(Collected data entries)
+---+
text \<open>A minimal-order s0 above x is linked to x: for s \<ge> x, submodularity gives
  \<lambda>(s \<or> s0) \<le> \<lambda>(s) + \<lambda>(s0) - \<lambda>(s \<and> s0) \<le> \<lambda>(s), as x \<le> s \<and> s0 \<le> s0.\<close>
lemma linked_if_minimal:
  assumes mr: "matroid_rank E r" and min: "order_minimal_between E r x s0 s0"
  shows "linked E r k s0 x"
  unfolding linked_def
proof (intro conjI ballI impI)
  obtain X0 Y0 where s0: "s0 = (X0, Y0)"
    by (cases s0)
  have s0U: "X0 \<union> Y0 = E" "X0 \<inter> Y0 = {}"
    using min s0 by (auto simp: order_minimal_between_def U_def)
  show "sle x s0"
    using min by (simp add: order_minimal_between_def)
  fix s assume sS: "s \<in> Sk E r k" and "sle x s \<and> s \<noteq> sinv x"
  then have xs: "fst x \<subseteq> fst s"
    by (simp add: sle_def)
  have sU: "fst s \<union> snd s = E" "fst s \<inter> snd s = {}" and sk: "conn E r (fst s) < k"
    using sS by (auto simp: Sk_def U_iff)
  have "(fst s \<inter> X0, snd s \<union> Y0) \<in> U E"
    using sU s0U by (auto simp: U_def)
  then have "conn E r X0 \<le> conn E r (fst s \<inter> X0)"
    using min xs s0 unfolding order_minimal_between_def sle_def by fastforce
  moreover have "conn E r (fst s \<union> X0) + conn E r (fst s \<inter> X0) \<le> conn E r (fst s) + conn E r X0"
    using conn_submod[OF mr, of "fst s" X0] sU s0U by auto
  moreover have "sjoin s s0 \<in> U E"
    using sU s0U s0 by (auto simp: sjoin_def U_def)
  ultimately show "sjoin s s0 \<in> Sk E r k"
    using sk s0 by (simp add: Sk_def sjoin_def)
qed

text \<open>If fst x = \<emptyset> then {x*} = {(E, \<emptyset>)} is a star of order r(\<emptyset>) = 0 < k, so x is forced.
  Hence an unforced x has a nonempty small side.\<close>
lemma unforced_nonempty:
  assumes mr: "matroid_rank E r" and k: "k > 0" and xU: "x \<in> U E"
    and unforced: "\<not> forces E r k x"
  shows "fst x \<noteq> {}"
proof
  assume empty: "fst x = {}"
  then have "sinv x = (E, {})"
    using xU by (auto simp: sinv_def U_iff)
  then have "{sinv x} \<in> Fk E r k"
    using k rank_empty[OF mr] by (simp add: Fk_def is_star_def star_order_def U_def)
  then show False
    using unforced by (simp add: forces_def)
qed

lemma star_unique_above:
  assumes star: "is_star E \<sigma>" and s: "s \<in> \<sigma>" "sle x s" and t: "t \<in> \<sigma>" "sle x t"
    and nonempty: "fst x \<noteq> {}"
  shows "t = s"
proof (rule ccontr)
  assume "t \<noteq> s"
  then have "fst x \<subseteq> snd s"
    using star_cross[OF star t(1) s(1)] t(2) by (auto simp: sle_def)
  moreover have "fst s \<inter> snd s = {}"
    using star_U[OF star s(1)] by (simp add: U_iff)
  ultimately show False
    using s(2) nonempty by (auto simp: sle_def)
qed

lemma shift_image_eq:
  assumes star: "is_star E \<sigma>" and s1: "s1 \<in> \<sigma>" "sle x s1" "s1 \<noteq> sinv x"
    and nonempty: "fst x \<noteq> {}"
  shows "shift x s0 ` \<sigma> = star_shift s1 s0 ` \<sigma>"
proof (rule image_cong[OF refl])
  fix t assume t: "t \<in> \<sigma>"
  show "shift x s0 t = star_shift s1 s0 t"
  proof (cases "t = s1")
    case True
    then show ?thesis
      using s1 by (simp add: shift_def star_shift_def)
  next
    case False
    then have "\<not> sle x t"
      using star_unique_above[OF star s1(1,2) t _ nonempty] by blast
    then show ?thesis
      using False by (simp add: shift_def star_shift_def)
  qed
qed
(* In any unit-weight graph with $\mathsf{OPT}<\mathsf{OPT}^{\mathsf{stable}}$, there exists a binary signaling scheme that is persuasive and has cost strictly lower than $\mathsf{OPT}^{\mathsf{stable}}$.
   Context: Setting. $V$ is a finite set of $n$ task types and $W=(W_{u,v})_{u,v\in V}$ is a symmetric matrix with entries in $\{0,1\}$ and $W_{v,v}=1$ for all $v$ (a unit-weight graph $G=(V,E)$ with $E=\{\{u,v\}:u\ne v,W_{u,v}=1\}$). A vector $\theta\in\mathbb{R}_{\ge0}^V$ is feasible if $W\theta\ge\mathbf 1$ coordinatewise, and stable if it is feasible and for every $v$, $\theta_v=\min\{x\ge0: x+\sum_{v'\neq v}W_{v,v'}\theta_{v'}\ge1\}$. $\mathsf{OPT}=\min\{\|\theta\|_1:\theta\ge0\text{ feasible}\}$ and $\mathsf{OPT}^{\mathsf{stable}}=\min\{\|\theta\|_1:\theta\text{ stable}\}$. Signaling. There are $n$ agents; the type profile $t=(t_1,\dots,t_n)$ is a uniformly random bijection $[n]\to V$. A signaling scheme with finite signal space $\Sigma\subset[0,1]$ is a map $\varphi$ assigning to each bijection $t$ a distribution $\varphi(t)$ on $\Sigma^V$; given $t$, $s\sim\varphi(t)$ is drawn and agent $i$ privately receives $s_{t_i}$. For agent $i$, a signal $\theta\in\Sigma$ with $\Pr[s_{t_i}=\theta]>0$ and $x\ge0$, let $Q_i(x\mid\theta)=\mathbb{E}\big[x+\sum_{v'\neq t_i}W_{t_i,v'}s_{v'}\,\big|\,s_{t_i}=\theta\big]$. The scheme is persuasive if for every agent $i$ and every such $\theta$: $Q_i(\theta\mid\theta)\ge1$ and $\theta=\min\{x\ge0:Q_i(x\mid\theta)\ge1\}$. Its cost is $\mathbb{E}[\|s\|_1]$. Binary means $|\Sigma|=2$. *)

theory Defs
  imports "HOL-Probability.Probability"
begin
(* Let $\Bbbk$ be a field, $A$ a $\Bbbk$-algebra, $\Gamma$ a subalgebra, and $\sim$ an equivalence relation on $\mathrm{cfs}(\Gamma)$ such that $\Gamma$ is a strong Harish-Chandra block subalgebra of $A$ with respect to $\sim$. Let $B\in\mathrm{cfs}(\Gamma)/{\sim}$. Suppose $B$ is finite, $\Gamma$ is noetherian, and $\mathcal A(B,B)$ is finitely generated as a left and as a right $\hat\Gamma_B$-module. Then: (i) there are finitely many isomorphism classes of simple Harish-Chandra block modules $V$ with $B\in\mathrm{Supp}(V)$; (ii) if $V$ is a simple Harish-Chandra block module, then $V(B)$ is finite-dimensional.
   Context: All algebras are associative unital $\Bbbk$-algebras. $\mathrm{cfs}(\Gamma)$ is the set of maximal two-sided ideals $\mathfrak m$ with $\dim\Gamma/\mathfrak m<\infty$. For a class $B$, $\mathcal W(B)=\{\mathfrak m_1\cdots\mathfrak m_k:k\ge0,\ \mathfrak m_i\in B\}$. For a left $\Gamma$-module $V$, $V(B)=\{v:\mathfrak mv=0$ for some $\mathfrak m\in\mathcal W(B)\}$ (analogously for right modules); $V$ is a block module if $V=\bigoplus_BV(B)$, $\mathrm{Supp}(V)=\{B:V(B)\ne0\}$, and a strong block module if also each $V(B)$ is killed by some $\mathfrak m\in\mathcal W(B)$. A Harish-Chandra block module is an $A$-module that is a block module over $\Gamma$. $\Gamma$ is a strong Harish-Chandra block subalgebra of $A$ if for all $B$ and $\mathfrak m\in\mathcal W(B)$, the left $A$-module $A/A\mathfrak m$ and the right module $A/\mathfrak mA$ are strong block modules over $\Gamma$. $\hat\Gamma_B=\varprojlim_{\mathfrak m\in\mathcal W(B)}\Gamma/\mathfrak m$ and $\mathcal A(B,B)=\varprojlim_{\mathfrak n,\mathfrak m\in\mathcal W(B)}A/(\mathfrak nA+A\mathfrak m)$, which is a $(\hat\Gamma_B,\hat\Gamma_B)$-bimodule via the natural actions of $\Gamma/\mathfrak n$ on the left and $\Gamma/\mathfrak m$ on the right of $A/(\mathfrak nA+A\mathfrak m)$. *)

theory Defs
  imports Main
begin
(* A geodesic of Q_r changes every coordinate at most once, since along a geodesic the
   Hamming distance of two vertices equals the distance of their positions.  Hence the
   2^r edges in directions 0 and 1 meet every geodesic in at most two edges.

   Conversely, for every vertex u the walk flipping the coordinates 0, 1, ..., r - 1 of u
   in this order is a geodesic to the antipode of u, so it contains at most two edges of
   an edge general position set S.  Each edge {x, x + e_i} lies on two of these 2^r
   walks, namely those starting at x and at x + e_i with their first i coordinates
   flipped, and double counting gives 2 |S| <= 2 * 2^r. *)

theory Submission
  imports Defs
begin

lemma is_walk_Cons:
  "is_walk V E (a # q) \<longleftrightarrow> a \<in> V \<and> (q = [] \<or> E a (hd q) \<and> is_walk V E q)"
proof (cases q)
  case (Cons b q')
  have "(\<forall>i. Suc i < length (a # q) \<longrightarrow> E ((a # q) ! i) ((a # q) ! Suc i)) \<longleftrightarrow>
        E a b \<and> (\<forall>i. Suc i < length q \<longrightarrow> E (q ! i) (q ! Suc i))"
    using Cons by (auto simp: less_Suc_eq_0_disj)
  then show ?thesis using Cons by (auto simp: is_walk_def)
qed (simp add: is_walk_def)

lemma finite_walk_edges: "finite (walk_edges p)"
proof -
  have "walk_edges p \<subseteq> (\<lambda>i. {p ! i, p ! Suc i}) ` {..<length p}"
    unfolding walk_edges_def by auto
  then show ?thesis by (rule finite_subset) simp
qed

lemma graph_dist_eqI:
  assumes lower: "\<And>q. is_walk V E q \<Longrightarrow> f (hd q) (last q) \<le> length q - 1"
    and p: "is_walk V E p" "hd p = u" "last p = v" "length p = Suc (f u v)"
  shows "graph_dist V E u v = f u v"
  unfolding graph_dist_def
proof (rule Least_equality)
  show "\<exists>p. is_walk V E p \<and> hd p = u \<and> last p = v \<and> length p = Suc (f u v)"
    using p by blast
next
  fix n assume "\<exists>q. is_walk V E q \<and> hd q = u \<and> last q = v \<and> length q = Suc n"
  then show "f u v \<le> n" using lower by fastforce
qed

lemma gp_e_eqI:
  assumes "edge_gp_set V E S" "card S = n" "\<And>T. edge_gp_set V E T \<Longrightarrow> card T \<le> n"
  shows "gp_e V E = n"
  unfolding gp_e_def
proof (rule Max_eqI)
  show "finite {card T |T. edge_gp_set V E T}"
    by (rule finite_subset[of _ "{..n}"]) (auto dest: assms(3))
qed (use assms in auto)

definition diff_coords :: "nat \<Rightarrow> bool list \<Rightarrow> bool list \<Rightarrow> nat set" where
  "diff_coords r x y = {i. i < r \<and> x ! i \<noteq> y ! i}"

definition hamming :: "nat \<Rightarrow> bool list \<Rightarrow> bool list \<Rightarrow> nat" where
  "hamming r x y = card (diff_coords r x y)"

lemma hypercube_E_iff_hamming: "hypercube_E r x y \<longleftrightarrow> hamming r x y = 1"
  by (simp add: hypercube_E_def hamming_def diff_coords_def)

lemma diff_coords_commute: "diff_coords r x y = diff_coords r y x"
  unfolding diff_coords_def by auto

lemma hamming_refl [simp]: "hamming r x x = 0"
  by (simp add: hamming_def diff_coords_def)

lemma hamming_triangle: "hamming r x z \<le> hamming r x y + hamming r y z"
proof -
  have "diff_coords r x z \<subseteq> diff_coords r x y \<union> diff_coords r y z"
    unfolding diff_coords_def by auto
  then have "hamming r x z \<le> card (diff_coords r x y \<union> diff_coords r y z)"
    unfolding hamming_def by (intro card_mono) (auto simp: diff_coords_def)
  also have "\<dots> \<le> hamming r x y + hamming r y z"
    unfolding hamming_def by (rule card_Un_le)
  finally show ?thesis .
qed

lemma hamming_eq_0_iff:
  assumes "length x = r" "length y = r"
  shows "hamming r x y = 0 \<longleftrightarrow> x = y"
  using assms by (auto simp: hamming_def diff_coords_def intro: nth_equalityI)

lemma finite_hypercube_V: "finite (hypercube_V r)"
  using finite_lists_length_eq[of "UNIV :: bool set" r] by (simp add: hypercube_V_def)

lemma card_hypercube_V: "card (hypercube_V r) = 2 ^ r"
  using card_lists_length_eq[of "UNIV :: bool set" r] by (simp add: hypercube_V_def)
+---+
- AIM OF THE TASK: Figure out how many lines of the data above include "imports", then give the number and nothing more.

- PROBLEM SOLUTION: 3